People most susceptible to rotator cuff injuries are often older than 40 years of age and/or have bone spurs on their shoulder bone. There is a high incidence of rotator cuff injuries among women. These injuries can also affect younger people who often participate in new or repetitive activities, are already injured and/or have chronic weakness in their shoulder.
Over-straining the rotator cuff can lead to inflammation in your shoulder joint, which can result in tendinitis (also spelled tendinitis) and bursitis. You can experience these conditions independently or simultaneously. Failure to take action against the inflammation can cause an impingement (pinching of the soft tissue), and produce further degeneration which frequently results in a major rotator cuff strain and/or tear. These injuries can often lead to surgery.
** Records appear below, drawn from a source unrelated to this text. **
(* Let $m\geq 2$ and let $f=a_0+a_1z+\cdots+a_mz^m\in\mathbb{Z}[z]$ be a primitive polynomial with $a_0a_m\neq 0$ such that $$|a_{m-1}|>1+|a_0||a_m|^{m-1}+|a_1||a_m|^{m-2}+\cdots+|a_{m-2}||a_m|.$$ Then $f$ is irreducible in $\mathbb{Z}[z]$.
   Context: A polynomial in $\mathbb{Z}[z]$ is primitive if the greatest common divisor of its coefficients is $1$. *)

theory Defs
  imports "HOL-Computational_Algebra.Computational_Algebra"
begin

end

theory Submission
  imports Defs "HOL-Complex_Analysis.Complex_Analysis"
begin

text \<open>
  On the circle \<open>|z| = 1 / |a_m|\<close> the term \<open>a_(m-1) z^(m-1)\<close> dominates the sum of all
  other terms of \<open>f\<close>, so by Rouche's theorem \<open>f\<close> has \<open>m - 1\<close> roots (with multiplicity)
  in the open disc of radius \<open>1 / |a_m|\<close> and hence a single root outside it. On the other
  hand, an integer polynomial \<open>g\<close> of positive degree with \<open>g(0) \<noteq> 0\<close> has a root of modulus
  at least \<open>1 / |lc g|\<close>, because the product of its roots has modulus \<open>|g(0)| / |lc g|\<close> and
  \<open>|g(0)| \<ge> 1\<close>. Since \<open>f\<close> is primitive, both factors of a nontrivial factorisation
  \<open>f = g h\<close> have positive degree, and \<open>|lc g|, |lc h| \<le> |a_m|\<close>, so \<open>f\<close> would have two
  roots outside the disc.
\<close>

(* HOL-Analysis also defines a measure-theoretic content. *)
hide_const (open) Henstock_Kurzweil_Integration.content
This mild inflammation can cause your rotator cuff tendons and bursa to swell and rub against or snag the acromion, or rub against a ligament at the front of your shoulder. When your arm is raised in a forward, reaching or overhead position the rotator cuff tendons and bursa can be pinched (impingement), which causes further swelling. Impingement syndrome occurs when your tendon and/bursa becomes pinched and tissue begins to break down near the humerus bone as a result of this inflammation and swelling. If this continues, your pain will get worse and your tendon may split or completely tear away from the bone.
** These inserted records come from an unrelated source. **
text \<open>The LL(d) equation is of Bernoulli type: with k = d - 1, the power F^k solves a
Riccati equation whose solution through F(0) = \<lambda> is explicit,
F(w)^{-k} = \<lambda> + c e^{kw} with c = \<lambda>^{-k} - \<lambda>, so F^d = (\<lambda> + c e^{kw})^{-d/k}.
This integrand stays close to \<lambda>^{-d/k} up to w_0 = log(\<lambda>/c)/k and decays like e^{-dw}
afterwards, hence its integral is \<lambda>^{-d/k} (w_0 + O(1)). As c is of order 1 - \<lambda>,
w_0 ~ -log(1 - \<lambda>)/k.\<close>

lemma linear_ode_zero_unique:
  fixes K a :: "real \<Rightarrow> real"
  assumes a: "continuous_on {0..} a" and K0: "K 0 = 0"
    and dK: "\<And>x. x \<ge> 0 \<Longrightarrow> (K has_real_derivative a x * K x) (at x within {0..})"
    and T: "T \<ge> 0"
  shows "K T = 0"
proof -
  define A where "A x = integral {0..x} a" for x
  have dA: "(A has_real_derivative a x) (at x within {0..T})" if "x \<in> {0..T}" for x
    using integral_has_vector_derivative[OF continuous_on_subset[OF a] that]
    unfolding A_def by (simp add: has_real_derivative_iff_has_vector_derivative)
  define P where "P x = K x * exp (- A x)" for x
  have "(P has_real_derivative 0) (at x within {0..T})" if x: "x \<in> {0..T}" for x
  proof -
    have dK': "(K has_real_derivative a x * K x) (at x within {0..T})"
      using dK[of x] x by (auto intro: has_field_derivative_subset)
    have "(P has_real_derivative a x * K x * exp (- A x) + K x * (exp (- A x) * - a x))
        (at x within {0..T})"
      unfolding P_def by (rule derivative_eq_intros dK' dA[OF x] refl | simp)+
    then show ?thesis by simp
  qed
  then obtain C where "\<forall>x\<in>{0..T}. P x = C"
    using has_field_derivative_zero_constant[of "{0..T}" P] by auto
  then have "P T = P 0" using T by auto
  then show ?thesis by (simp add: P_def K0)
qed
Inflammation of your rotator cuff tendons or bursa will produce redness, swelling, and soreness in your shoulder soft tissue. Tendonitis is often due to overuse or repetitive actions common in athletes or workers who use frequent overhead arm movements such as throwing a ball, swinging a racquet, swimming, lifting weights, dusting high shelves, painting, or completing manual labor tasks. Decreased space in your rotator cuff will result from the above, as well as from anatomical differences in the shape of your shoulder bone, or arthritis. These will trigger pain, limit the use of your shoulder, and can lead to chronic tendinitis.
This condition is often referred to as Swimmer's shoulder, Pitcher's shoulder, Tennis Shoulder, or Shoulder impingement syndrome.
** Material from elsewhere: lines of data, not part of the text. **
(* Let $a(n)=|D_X(A_n)|$. Then as $n\to\infty$ through even values, $a(n)\sim\frac{\sqrt2}{4}\left(\sqrt{2+2\sqrt2}\right)^n$, and as $n\to\infty$ through odd values, $a(n)\sim\frac{\sqrt{\sqrt2-1}}{2}\left(\sqrt{2+2\sqrt2}\right)^n$.
   Context: For $n\ge1$ let $A_n=\{2,4,6,\dots\}\cap\{2,\dots,n-1\}$ (the even numbers strictly between $1$ and $n$; including or excluding $1$ and $n$ does not change the domain). For $A\subseteq[n]$, $D_X(A)$ is the set of all linear orders $q$ on $[n]$ such that for every triple $i<j<k$: if $j\in A$ then $i$ is not ranked last among $\{i,j,k\}$ in $q$, and if $j\notin A$ then $k$ is not ranked first among $\{i,j,k\}$ in $q$. $f\sim g$ means $f/g\to1$. *)

theory Defs
  imports "HOL-Analysis.Analysis"
begin

text \<open>A linear order q on [n] = {1..n} is a relation with linear_order_on {1..n} q;
  (x,y) \<in> q means x is ranked at or before y (x is weakly preferred to y).\<close>

definition ranked_first :: "nat rel \<Rightarrow> nat \<Rightarrow> nat set \<Rightarrow> bool" where
  "ranked_first q x S \<longleftrightarrow> (\<forall>y\<in>S. (x, y) \<in> q)"

definition ranked_last :: "nat rel \<Rightarrow> nat \<Rightarrow> nat set \<Rightarrow> bool" where
  "ranked_last q x S \<longleftrightarrow> (\<forall>y\<in>S. (y, x) \<in> q)"

definition D_X :: "nat \<Rightarrow> nat set \<Rightarrow> nat rel set" where
  "D_X n A = {q. linear_order_on {1..n} q \<and>
     (\<forall>i j k. 1 \<le> i \<and> i < j \<and> j < k \<and> k \<le> n \<longrightarrow>
        (j \<in> A \<longrightarrow> \<not> ranked_last q i {i, j, k}) \<and>
        (j \<notin> A \<longrightarrow> \<not> ranked_first q k {i, j, k}))}"

definition A_set :: "nat \<Rightarrow> nat set" where
  "A_set n = {j. even j \<and> 2 \<le> j \<and> j \<le> n - 1}"

definition a_count :: "nat \<Rightarrow> nat" where
  "a_count n = card (D_X n (A_set n))"

end

(*
  Decompose an admissible order by its top-ranked element.  For the family of "staircase"
  configurations (stair k N, in which the even numbers below 2k must stay in increasing order)
  only two or three elements can be on top, and removing one of them leaves a configuration of the
  same family.  The staircase counts therefore satisfy a recurrence that determines them, and
  a(n) is the count for k = 1.  The recurrence is solved by the coefficients of A(x) C(x)^k,
  where C is the Catalan series and A is built from B(x) = sum b_m x^m with
  (2B - 1)(1 - 4x - 4x^2) = 1 + 2x - 2x C; this gives a(2m) = b_m and a(2m+1) = 2 b_m.
  Finally b_m x0^m converges to sqrt 2 / 4 for x0 = 1 / (2 + 2 sqrt 2), because the root
  2 - 2 sqrt 2 of t^2 = 4t + 4 is smaller than 1 / x0 in modulus and C(x0) = sqrt 2.
*)

theory Submission
  imports Defs "HOL-Computational_Algebra.Formal_Power_Series"
begin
A muscle strength and flexibility imbalance or weakness, can cause instability and result in a subluxation or partial dislocation (your shoulder bones slide in and out of their sockets) or a full dislocation (the head of the arm bone slips out of the shoulder socket). These can cause a lot of pain and discomfort in your rotator cuff soft tissue. People with frequent dislocations often require surgery.
Shoulder instability which may have been present since birth or due to an injury, can also occur over time from over-straining, poor posture or inactivity. The rotator cuff is overworked, becomes weak and has difficulties stabilizing your shoulder, which in turn causes inflammation. If your rotator cuff becomes weak and tired, the head of your arm bone can squash up against the acromion and can result in a tear. This is often a major cause of rotator cuff tears in individuals over 40 years of age.
As you age, chronic degeneration can occur from repetitive motions breaking down the soft tissue and collagen (a fibrous connective tissue) in your rotator cuff. Degeneration may be caused by the development of calcium deposits, arthritic bone spurs or poor posture causing the acromion to rub on tendons or other soft tissue.
Rough or repetitive arm movements, especially when your shoulder is lifted to the limit of its natural range of motion, can weaken the tendons already experiencing tendonitis. This can lead to a tear in your tendon or muscle that is often difficult to repair surgically. Imagine your favorite jeans wearing out; they get more and more worn until the edges fray or a hole appears.
A rotator cuff acute trauma results from a sudden injury such as falling onto an outstretched arm, which can bruise, strain or tear your rotator cuff tendon or muscle at any age. Excessive force exerted by lifting or pulling something too heavy, pushing off an object vigorously with your arm, or making a forceful and abrupt forward throwing or overhead action, can also severely damage and tear your rotator cuff.
Rotator cuff injuries can also happen in conjunction with other shoulder injuries such as a fracture.
A partial thickness tear of your tendon or muscle is not torn all the way through. This is related to chronic inflammation or impingement which results from the development of spurs on the underside of the Acromion (often require surgery to remove the bone spur).
A full thickness or complete tear is torn all the way through your tendon or muscle. This generally results from acute or sudden injuries, ongoing impingement, or degeneration of partial thickness tears.
A tendon torn from the bone often results from a traumatic injury or degeneration.
Scar tissue will often develop as a result of a major rotator cuff injury, tendinitis, shoulder instability and other rotator cuff injuries once acute inflammation begins to decrease. As your damaged shoulder tissues heal this dead, fibrotic tissue will develop instead of forming brand new tissue. This tissue adheres to your muscle fibers, tendons, ligaments, fascia, nerves and joints preventing them from moving properly and limiting your range of motion, flexibility and strength.
The amount of scar tissue you develop will depend on the size, depth and location of your injury, as well as your age and current health. Leaving your scar tissue untreated may lead to future shoulder conditions and injuries such as, frozen shoulder, arthritis, tendon tears, or impingement due to a thickening of the tissue in the subacromial space.